# Steely Dan: smokin musicians!



## bagpipe (Sep 19, 2006)

Had my IPOD on shuffle the other day and it happened to play Kid Charlemagne by Steely Dan. I had forgotten how incredible the musicianship was on those Steely Dan records - I guess they were all the top session guys of the day, but every single 'element' on that recording is fantastic. You can pick out any instrument on that recording - guitar, bass, drums, vocal, the song itself (that bassline!) - and its incredible to listen to. I'm struck by the fact that no-one seems to be making records with that level of 'musicianship' any more. 

I'm not trying to make the "musicians suck these days" argument, but that incredible level of musicianship, and the idea of 'composing' each individual instrument in every song, seems to have gone by the wayside.

Or maybe I'm not listening to the right music anymore?


----------



## Luke98 (Mar 4, 2007)

it's out there, it's just not played on the radio and is hard to find...

Steely Dan however, is just awesome.


----------



## Merlin (Feb 23, 2009)

Steely Dan and Donald Fagen are the only artists that never leave my mp3 player. Excellent tunes, charts and players.


----------



## Beatles (Feb 7, 2006)

I heard "My Old School" last night on the radio. Haven't listened to any Dan in a long time. Made me dust off a couple of vinyls and relisten. Saw them live a couple of times, but I still prefer listening at home. Excellent excellent band.


----------



## fretboard (May 31, 2006)

Huge fan of Steely Dan. Having seen them a handful of times, I was still pondering a road trip to Detroit to see them later this year - but the difference between hearing them live and hearing an album is minimal at best.

Great tunes all round.


----------



## cheezyridr (Jun 8, 2009)

Luke98 said:


> it's out there, it's just not played on the radio and is hard to find...
> 
> Steely Dan however, is just awesome.


it's why i don't listen to the radio if i can help it. the same classic rock over and over every single day will melt your brain. it's ruined pink floyd for me. 
speaking of overplayed, "reelin in the years" is one song that, although it was overplayed on the radio it somehow didn't get old for me.


----------



## shoretyus (Jan 6, 2007)

Luke98 said:


> it's out there, it's just not played on the radio and is hard to find...
> 
> Steely Dan however, is just awesome.


Yup....to both . I am hooked to an Cd by Dr Lonnie Smith called Boogaloo to Beck that has effected my the same way that SD does 

Same thing... and done in three days 

http://www.amazon.com/Boogaloo-Beck-Dr-Lonnie-Smith/dp/B000099T4I


----------



## zontar (Oct 25, 2007)

Kid Charlemagne has one of my all time favorite guitar solos--I used the solo as an example when I taught of what can make a guitar solo great--especially with kids that just wanted to play fast &/or shred.

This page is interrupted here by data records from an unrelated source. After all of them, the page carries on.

lemma surj_adjoint_op:
  assumes fd: "fin_dim_space TYPE('b::real_normed_vector)"
  shows "surj (adjoint_op :: ('a::real_normed_vector \<Rightarrow>\<^sub>L 'b) \<Rightarrow> _)"
  unfolding surj_def
proof
  fix S :: "('b \<Rightarrow>\<^sub>L real) \<Rightarrow>\<^sub>L ('a \<Rightarrow>\<^sub>L real)"
  have "\<exists>y. \<forall>g. S g x = g y" for x
  proof -
    have bl: "bounded_linear (\<lambda>g. S g x)"
      using bounded_linear_compose[OF blinfun.bounded_linear_left blinfun.bounded_linear_right] .
    obtain y where "\<And>g. Blinfun (\<lambda>g. S g x) g = g y"
      using bidual_functional_is_evaluation[OF fd] by blast
    then show ?thesis
      using bounded_linear_Blinfun_apply[OF bl] by auto
  qed
  then obtain T0 where T0: "\<And>g x. S g x = g (T0 x)"
    by metis
  have "bounded_linear T0"
  proof (rule bounded_linear_intro[of _ "norm S"])
    show "T0 (x + y) = T0 x + T0 y" for x y
      by (rule functionals_separate_points[OF fd]) (metis T0 blinfun.add_right)
    show "T0 (r *\<^sub>R x) = r *\<^sub>R T0 x" for r x
      by (rule functionals_separate_points[OF fd]) (metis T0 blinfun.scaleR_right)
    show "norm (T0 x) \<le> norm x * norm S" for x
    proof -
      obtain g :: "'b \<Rightarrow>\<^sub>L real" where g: "norm g \<le> 1" "g (T0 x) = norm (T0 x)"
        using exists_norming_functional[OF fd] by blast
      have "norm (T0 x) = S g x"
        using g(2) T0 by simp
      also have "\<dots> \<le> norm (S g) * norm x"
        using norm_blinfun[of "S g" x] by simp
      also have "\<dots> \<le> norm S * norm x"
        using norm_blinfun_le_of_norm_le_1[OF g(1), of S] by (intro mult_right_mono) simp_all
      finally show ?thesis
        by (simp add: mult.commute)
    qed
  qed
  then have "S = adjoint_op (Blinfun T0)"
    by (intro blinfun_eqI) (simp add: bounded_linear_Blinfun_apply T0)
  then show "\<exists>T. S = adjoint_op T"
    by blast
qed

theorem proposition3p7:
  fixes T :: "'a::banach \<Rightarrow>\<^sub>L 'b::banach" and k :: nat
  assumes "fin_dim_space TYPE('a)" and "fin_dim_space TYPE('b)"
    and "norm T = 1"
  shows "k_smooth T k \<longleftrightarrow> k_smooth (adjoint_op T) k"
proof -
  let ?Q = "Blinfun (adjoint_op :: ('a \<Rightarrow>\<^sub>L 'b) \<Rightarrow> _)"
  have Q: "?Q S = adjoint_op S" for S
    by (simp add: bounded_linear_Blinfun_apply[OF bounded_linear_adjoint_op])
  have "k_smooth (?Q T) k \<longleftrightarrow> k_smooth T k"
    by (rule k_smooth_surj_isometry) (simp_all add: Q norm_adjoint_op surj_adjoint_op assms(2))
  then show ?thesis
    by (simp add: Q)
qed

end
(* Let $X$ be a regular topological space, let $\mathcal A(X)$ be a maximal strongly disjoint family of nonempty, regular open, $\varrho$-homogeneous subsets of $X$, and for $H\in\mathrm{RO}(X)$ let $\mathrm{tr}_X(H)=\{A\in\mathcal A(X): A\cap H\neq\emptyset\}$. Then for each $H\in\mathrm{RO}(X)$: (1) $\rho(H)=\prod\{\rho(A): A\in\mathrm{tr}_X(H)\}$; (2) $\rho(H)\ge 2^{|\mathrm{tr}_X(H)|}$; (3) $|\{B\in\mathrm{RO}(X): \mathrm{tr}_X(B)\subseteq\mathrm{tr}_X(H)\}|\le\rho(H)$.
   Context: $\mathrm{RO}(G)$ denotes the family of regular open subsets of an open set $G$ and $\rho(G)=|\mathrm{RO}(G)|$. An open set $A$ (as a subspace) is $\varrho$-homogeneous if $\rho(B)=\rho(A)$ for every nonempty regular open $B$ of $A$. A family $\mathcal E$ of subsets of $X$ is strongly disjoint if $\overline{E_0}\cap\overline{E_1}=\emptyset$ for all distinct $E_0,E_1\in\mathcal E$. *)

theory Defs
  imports "HOL-Analysis.Analysis" "HOL-Library.Equipollence"
begin

definition regular_openin :: "'a topology \<Rightarrow> 'a set \<Rightarrow> bool" where
  "regular_openin X U \<longleftrightarrow> openin X U \<and> X interior_of (X closure_of U) = U"

definition RO :: "'a topology \<Rightarrow> 'a set \<Rightarrow> 'a set set" where
  "RO X G = {U. regular_openin (subtopology X G) U}"

definition rho_homogeneous :: "'a topology \<Rightarrow> 'a set \<Rightarrow> bool" where
  "rho_homogeneous X A \<longleftrightarrow>
     (\<forall>B \<in> RO X A. B \<noteq> {} \<longrightarrow> RO X B \<approx> RO X A)"

definition strongly_disjoint :: "'a topology \<Rightarrow> 'a set set \<Rightarrow> bool" where
  "strongly_disjoint X \<E> \<longleftrightarrow>
     (\<forall>E0 \<in> \<E>. \<forall>E1 \<in> \<E>. E0 \<noteq> E1 \<longrightarrow> (X closure_of E0) \<inter> (X closure_of E1) = {})"

definition admissible_family :: "'a topology \<Rightarrow> 'a set set \<Rightarrow> bool" where
  "admissible_family X \<E> \<longleftrightarrow>
     (\<forall>A \<in> \<E>. A \<noteq> {} \<and> regular_openin X A \<and> rho_homogeneous X A) \<and>
     strongly_disjoint X \<E>"

definition maximal_admissible_family :: "'a topology \<Rightarrow> 'a set set \<Rightarrow> bool" where
  "maximal_admissible_family X \<A> \<longleftrightarrow>
     admissible_family X \<A> \<and>
     (\<forall>\<E>. admissible_family X \<E> \<and> \<A> \<subseteq> \<E> \<longrightarrow> \<E> = \<A>)"

definition tr :: "'a set set \<Rightarrow> 'a set \<Rightarrow> 'a set set" where
  "tr \<A> H = {A \<in> \<A>. A \<inter> H \<noteq> {}}"

end

theory Submission
  imports Defs
begin

text \<open>The union of a maximal admissible family is dense: by regularity, a nonempty open set
  missing it contains a nonempty regular open set whose closure avoids the closures of all
  members, and inside that set a nonempty regular open set of minimal rho is rho-homogeneous and
  could be added to the family. Density makes every regular open set B the regularization
  of B \<inter> \<Union>\<A>, so B is determined by its traces B \<inter> A on the members A.
  Conversely, regular open pieces of the pairwise disjoint open members glue to the regularization
  of their union, so restriction is a bijection from RO(H) onto the product of the RO(A \<inter> H),
  and rho-homogeneity replaces RO(A \<inter> H) by RO(A). Choosing \<emptyset> or A in each coordinate gives
  (2), and restriction embeds the sets in (3) into the same product.\<close>

abbreviation regularization :: "'a topology \<Rightarrow> 'a set \<Rightarrow> 'a set" where
  "regularization X S \<equiv> X interior_of (X closure_of S)"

Overall I'm not a big Steely Dan fan, but even with the songs I don't like, the quality of the musicianship on their albums was always top notch. They featured a slew of fantastic guitarists-which was the main attraction for me--but the bass, keyboards, drums, horns or whatever were always well done, and great examples of musicianship.

Any serious student of any instrument would do well to spend some time listening to them.


----------



## Milkman (Feb 2, 2006)

bagpipe said:


> Had my IPOD on shuffle the other day and it happened to play Kid Charlemagne by Steely Dan. I had forgotten how incredible the musicianship was on those Steely Dan records - I guess they were all the top session guys of the day, but every single 'element' on that recording is fantastic. You can pick out any instrument on that recording - guitar, bass, drums, vocal, the song itself (that bassline!) - and its incredible to listen to. I'm struck by the fact that no-one seems to be making records with that level of 'musicianship' any more.
> 
> I'm not trying to make the "musicians suck these days" argument, but that incredible level of musicianship, and the idea of 'composing' each individual instrument in every song, seems to have gone by the wayside.
> 
> Or maybe I'm not listening to the right music anymore?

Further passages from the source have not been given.